▶ **Task to complete**:
In the entries below, every line that contains "diffset" must be located and copied.

▶ **Exercise material**:
lemma coercive_attains_min:
  fixes f :: "'a::euclidean_space \<Rightarrow> real"
  assumes "continuous_on UNIV f" "\<mu> > 0" "\<And>x. m + \<mu> * norm x \<le> f x"
  obtains x where "\<And>y. f x \<le> f y"
proof -
  define K where "K = {x. f x \<le> f 0}"
  have "K \<subseteq> cball 0 ((f 0 - m) / \<mu>)"
  proof
    fix x assume "x \<in> K"
    then have "\<mu> * norm x \<le> f 0 - m" using assms(3)[of x] by (simp add: K_def)
    then show "x \<in> cball 0 ((f 0 - m) / \<mu>)" using assms(2) by (simp add: field_simps)
  qed
  moreover have "closed K"
    unfolding K_def by (rule closed_Collect_le[OF assms(1) continuous_on_const])
  ultimately have "compact K"
    by (metis bounded_cball bounded_subset compact_eq_bounded_closed)
  moreover have "0 \<in> K" by (simp add: K_def)
  ultimately obtain x where min_on_K: "\<And>y. y \<in> K \<Longrightarrow> f x \<le> f y"
    using continuous_attains_inf[of K f] continuous_on_subset[OF assms(1)] by blast
  have "f x \<le> f 0"
    using min_on_K \<open>0 \<in> K\<close> by blast
  then have "f x \<le> f y" for y
    using min_on_K[of y] by (force simp: K_def)
  then show ?thesis using that by blast
qed

lemma filterlim_norm_to_evec:
  fixes l :: "ereal ^ 'd"
  assumes "l \<in> ebox_boundary"
  shows "filterlim norm at_top (to_evec l)"
  unfolding filterlim_at_top
proof
  fix Z :: real
  obtain j where j: "l $ j = \<infinity> \<or> l $ j = -\<infinity>"
    using assms unfolding ebox_boundary_def by blast
  have "eventually (\<lambda>y. y \<in> {ereal Z<..} \<union> {..<ereal (- Z)}) (nhds (l $ j))"
    by (rule eventually_nhds_in_open) (use j in auto)
  then have "eventually (\<lambda>t. Z \<le> \<bar>t $ j\<bar>) (filtercomap (\<lambda>t. ereal (t $ j)) (nhds (l $ j)))"
    unfolding eventually_filtercomap by (intro exI conjI, assumption) auto
  moreover have "to_evec l \<le> filtercomap (\<lambda>t. ereal (t $ j)) (nhds (l $ j))"
    unfolding to_evec_def by (rule INF_lower) simp
  ultimately have "eventually (\<lambda>t. Z \<le> \<bar>t $ j\<bar>) (to_evec l)"
    using filter_leD by blast
  then show "eventually (\<lambda>t. Z \<le> norm t) (to_evec l)"
    by (rule eventually_mono) (use component_le_norm_cart order_trans in blast)
qed

lemma full_rank_if_units_in_supp:
  fixes B :: "('d::finite) mpseries"
  assumes "sqf_exp {} \<in> supp B" and "\<And>i. sqf_exp {i} \<in> supp B"
  shows "full_rank B"
proof -
  have "Basis \<subseteq> diffset B"
  proof
    fix v :: "real^'d" assume "v \<in> Basis"
    then obtain i where v: "v = axis i 1" by (auto simp: Basis_vec_def)
    have "v = (\<chi> j. real (sqf_exp {i} j) - real (sqf_exp {} j))"
      by (auto simp: v axis_def sqf_exp_def vec_eq_iff)
    then show "v \<in> diffset B" unfolding diffset_def using assms by blast
  qed
  then have "span (diffset B) = UNIV"
    by (metis span_Basis span_mono top.extremum_uniqueI)
  then show ?thesis
    unfolding full_rank_def using dim_eq_full by simp
qed

lemma aperiodic_if_units_in_supp:
  fixes B :: "('d::finite) mpseries"
  assumes "sqf_exp {} \<in> supp B" and "\<And>i. sqf_exp {i} \<in> supp B"
  shows "aperiodic B"
  unfolding aperiodic_def q_periodic_def
proof (intro allI impI notI, elim exE conjE)
  fix q :: nat and p :: "'d \<Rightarrow> nat" and r :: int and j
  assume "\<not> q dvd p j"
    and periodic: "\<forall>n\<in>supp B. \<exists>k. int (\<Sum>i\<in>UNIV. p i * n i) = r + int q * int k"
  obtain k0 where "int (\<Sum>i\<in>UNIV. p i * sqf_exp {} i) = r + int q * int k0"
    using periodic assms(1) by blast
  then have k0: "0 = r + int q * int k0"
    by (simp add: sqf_exp_def)
  have "(\<Sum>i\<in>UNIV. p i * sqf_exp {j} i) = p j"
    by (simp add: sqf_exp_def if_distrib cong: if_cong)
  then obtain k1 where k1: "int (p j) = r + int q * int k1"
    using periodic assms(2)[of j] by fastforce
  have "int (p j) = int q * (int k1 - int k0)"
    using k0 k1 by (simp add: algebra_simps)
  then have "q dvd p j"
    by (metis dvd_triv_left int_dvd_int_iff)
  with \<open>\<not> q dvd p j\<close> show False ..
qed

definition eval_exp :: "('d::finite) mpseries \<Rightarrow> real ^ 'd \<Rightarrow> real" where
  "eval_exp P t = (\<Sum>X\<in>UNIV. P (sqf_exp X) * exp (\<Sum>j\<in>X. t $ j))"

definition exp_weight :: "('d::finite) mpseries \<Rightarrow> real ^ 'd \<Rightarrow> 'd set \<Rightarrow> real" where
  "exp_weight P t X = P (sqf_exp X) * exp (\<Sum>j\<in>X. t $ j) / eval_exp P t"

lemma Kfun_eq_ln_eval_exp: "Kfun P t = ln (eval_exp P t)"
  by (simp add: Kfun_def eval_exp_def)

locale positive_multiaffine =
  fixes P :: "('d::finite) mpseries"
  assumes pos: "\<And>X. P (sqf_exp X) > 0"
begin

lemma sqf_exp_in_supp: "sqf_exp X \<in> supp P"
  using pos[of X] by (simp add: supp_def)

lemma eval_exp_pos:
  "eval_exp P t > 0"
  unfolding eval_exp_def by (rule sum_pos) (simp_all add: pos)

lemma exp_weight_pos:
  "exp_weight P t X > 0"
  unfolding exp_weight_def using pos eval_exp_pos by simp

lemma sum_exp_weight:
  "(\<Sum>X\<in>UNIV. exp_weight P t X) = 1"
  using eval_exp_pos[of t]
  by (simp add: exp_weight_def eval_exp_def flip: sum_divide_distrib)

lemma ln_exp_weight:
  "ln (exp_weight P t X) = ln (P (sqf_exp X)) + (\<Sum>j\<in>X. t $ j) - Kfun P t"
  using pos[of X] eval_exp_pos[of t]
  by (simp add: exp_weight_def Kfun_eq_ln_eval_exp ln_div ln_mult)

lemma Kfun_ge_monomial:
  "ln (P (sqf_exp X)) + (\<Sum>j\<in>X. t $ j) \<le> Kfun P t"
proof -
  have "exp_weight P t X \<le> 1"
    unfolding sum_exp_weight[of t, symmetric]
    by (rule member_le_sum) (simp_all add: less_imp_le exp_weight_pos)
  then have "ln (exp_weight P t X) \<le> 0"
    using exp_weight_pos by simp
  then show ?thesis
    unfolding ln_exp_weight by simp
qed

lemma has_derivative_Kfun:
  "(Kfun P has_derivative
     (\<lambda>h. \<Sum>X\<in>UNIV. exp_weight P t X * (\<Sum>j\<in>X. h $ j))) (at t)"
proof -
  have coord_sum: "((\<lambda>t. \<Sum>j\<in>X. t $ j) has_derivative (\<lambda>h. \<Sum>j\<in>X. h $ j)) (at t)" for X
    by (intro has_derivative_sum bounded_linear_imp_has_derivative bounded_linear_vec_nth)
  have exp_coord_sum: "((\<lambda>t. exp (\<Sum>j\<in>X. t $ j)) has_derivative
      (\<lambda>h. exp (\<Sum>j\<in>X. t $ j) * (\<Sum>j\<in>X. h $ j))) (at t)" for X
    using has_derivative_exp[OF coord_sum] by (simp add: mult.commute)
  have "(eval_exp P has_derivative
      (\<lambda>h. \<Sum>X\<in>UNIV. P (sqf_exp X) * (exp (\<Sum>j\<in>X. t $ j) * (\<Sum>j\<in>X. h $ j)))) (at t)"
    unfolding eval_exp_def
    by (intro has_derivative_sum has_derivative_mult_right exp_coord_sum)
  from DERIV_compose_FDERIV[OF DERIV_ln[OF eval_exp_pos] this]
  show ?thesis
    unfolding Kfun_eq_ln_eval_exp[abs_def] exp_weight_def
    by (simp add: divide_inverse sum_distrib_left sum_distrib_right algebra_simps)
qed

lemma exp_weight_gradient_inj:
  assumes "\<And>h. (\<Sum>X\<in>UNIV. exp_weight P t X * (\<Sum>j\<in>X. h $ j)) =
                 (\<Sum>X\<in>UNIV. exp_weight P s X * (\<Sum>j\<in>X. h $ j))"
  shows "t = s"
proof -
  define w where "w = exp_weight P"
  define a where "a X = (\<Sum>j\<in>X. (t - s) $ j)" for X
  define C where "C = Kfun P t - Kfun P s"
  have ln_ratio: "ln (w t X) - ln (w s X) = a X - C" for X
    unfolding w_def a_def C_def ln_exp_weight by (simp add: sum_subtractf)
  have "(\<Sum>X\<in>UNIV. (w t X - w s X) * (ln (w t X) - ln (w s X))) =
      (\<Sum>X\<in>UNIV. w t X * a X) - (\<Sum>X\<in>UNIV. w s X * a X)
      - C * ((\<Sum>X\<in>UNIV. w t X) - (\<Sum>X\<in>UNIV. w s X))"
    unfolding ln_ratio
    by (simp add: sum_subtractf sum_distrib_left left_diff_distrib right_diff_distrib mult.commute)
  also have "\<dots> = 0"
    using assms[of "t - s"] sum_exp_weight unfolding w_def a_def by simp
  finally have "\<forall>X\<in>UNIV. (w t X - w s X) * (ln (w t X) - ln (w s X)) = 0"
    by (subst (asm) sum_nonneg_eq_0_iff)
      (simp_all add: mult_diff_ln_diff_nonneg exp_weight_pos w_def)
  then have "w t X = w s X" for X
    using mult_diff_ln_diff_pos[of "w t X" "w s X"] exp_weight_pos by (force simp: w_def)
  then have lin: "(\<Sum>j\<in>X. (t - s) $ j) = C" for X
    using ln_ratio[of X] by (simp add: a_def)
  from lin[of "{}"] have "C = 0" by simp
  with lin[of "{_}"] show "t = s"
    by (simp add: vec_eq_iff)
qed

lemma Kfun_minus_inner_coercive:
  assumes lam: "\<forall>j. 0 < lam $ j \<and> lam $ j < 1"
  obtains m \<mu> where "\<mu> > 0" "\<And>t. m + \<mu> * norm t \<le> Kfun P t - lam \<bullet> t"
proof -
  define m where "m = Min (range (\<lambda>X. ln (P (sqf_exp X))))"
  define \<mu> where "\<mu> = Min (range (\<lambda>j. min (lam $ j) (1 - lam $ j)))"
  have "\<mu> > 0"
    unfolding \<mu>_def using lam by (subst Min_gr_iff) auto
  have "\<mu> \<le> min (lam $ j) (1 - lam $ j)" for j
    unfolding \<mu>_def by (rule Min_le) auto
  then have \<mu>_le: "\<mu> \<le> lam $ j" "\<mu> \<le> 1 - lam $ j" for j
    by simp_all
  have bound: "m + \<mu> * norm t \<le> Kfun P t - lam \<bullet> t" for t
  proof -
    define X where "X = {j. 0 \<le> t $ j}"
    have "m \<le> ln (P (sqf_exp X))"
      unfolding m_def by (rule Min_le) auto
    then have "m + (\<Sum>j\<in>X. t $ j) \<le> Kfun P t"
      using Kfun_ge_monomial[of X t] by linarith
    moreover have "(\<Sum>j\<in>X. t $ j) = (\<Sum>j\<in>UNIV. max (t $ j) 0)"
      unfolding X_def by (rule sum.mono_neutral_cong_left) auto
    then have "(\<Sum>j\<in>X. t $ j) - lam \<bullet> t = (\<Sum>j\<in>UNIV. max (t $ j) 0 - lam $ j * t $ j)"
      by (simp add: inner_vec_def sum_subtractf)
    moreover have "\<mu> * norm t \<le> \<mu> * (\<Sum>j\<in>UNIV. \<bar>t $ j\<bar>)"
      using \<open>\<mu> > 0\<close> norm_le_l1_cart by simp
    moreover have "\<dots> \<le> (\<Sum>j\<in>UNIV. max (t $ j) 0 - lam $ j * t $ j)"
      unfolding sum_distrib_left
      by (intro sum_mono min_mult_abs_le_pos_part_minus_mult \<mu>_le)
    ultimately show ?thesis by linarith
  qed
  show ?thesis
    by (rule that[OF \<open>\<mu> > 0\<close> bound])
qed

lemma filterlim_Kfun_minus_inner:
  assumes "\<forall>j. 0 < lam $ j \<and> lam $ j < 1" and "l \<in> ebox_boundary"
  shows "filterlim (\<lambda>t. Kfun P t - lam \<bullet> t) at_top (to_evec l)"
proof -
  obtain m \<mu> where "\<mu> > 0" and bound: "\<And>t. m + \<mu> * norm t \<le> Kfun P t - lam \<bullet> t"
    using Kfun_minus_inner_coercive[OF assms(1)] by blast
  have "filterlim (\<lambda>t. m + \<mu> * norm t) at_top (to_evec l)"
    by (intro filterlim_tendsto_add_at_top[OF tendsto_const]
        filterlim_tendsto_pos_mult_at_top[OF tendsto_const \<open>\<mu> > 0\<close>]
        filterlim_norm_to_evec assms(2))
  then show ?thesis
    by (rule filterlim_at_top_mono) (simp add: bound)
qed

▶ **Exercise solution**:
  have "Basis \<subseteq> diffset B"
    then show "v \<in> diffset B" unfolding diffset_def using assms by blast
  then have "span (diffset B) = UNIV"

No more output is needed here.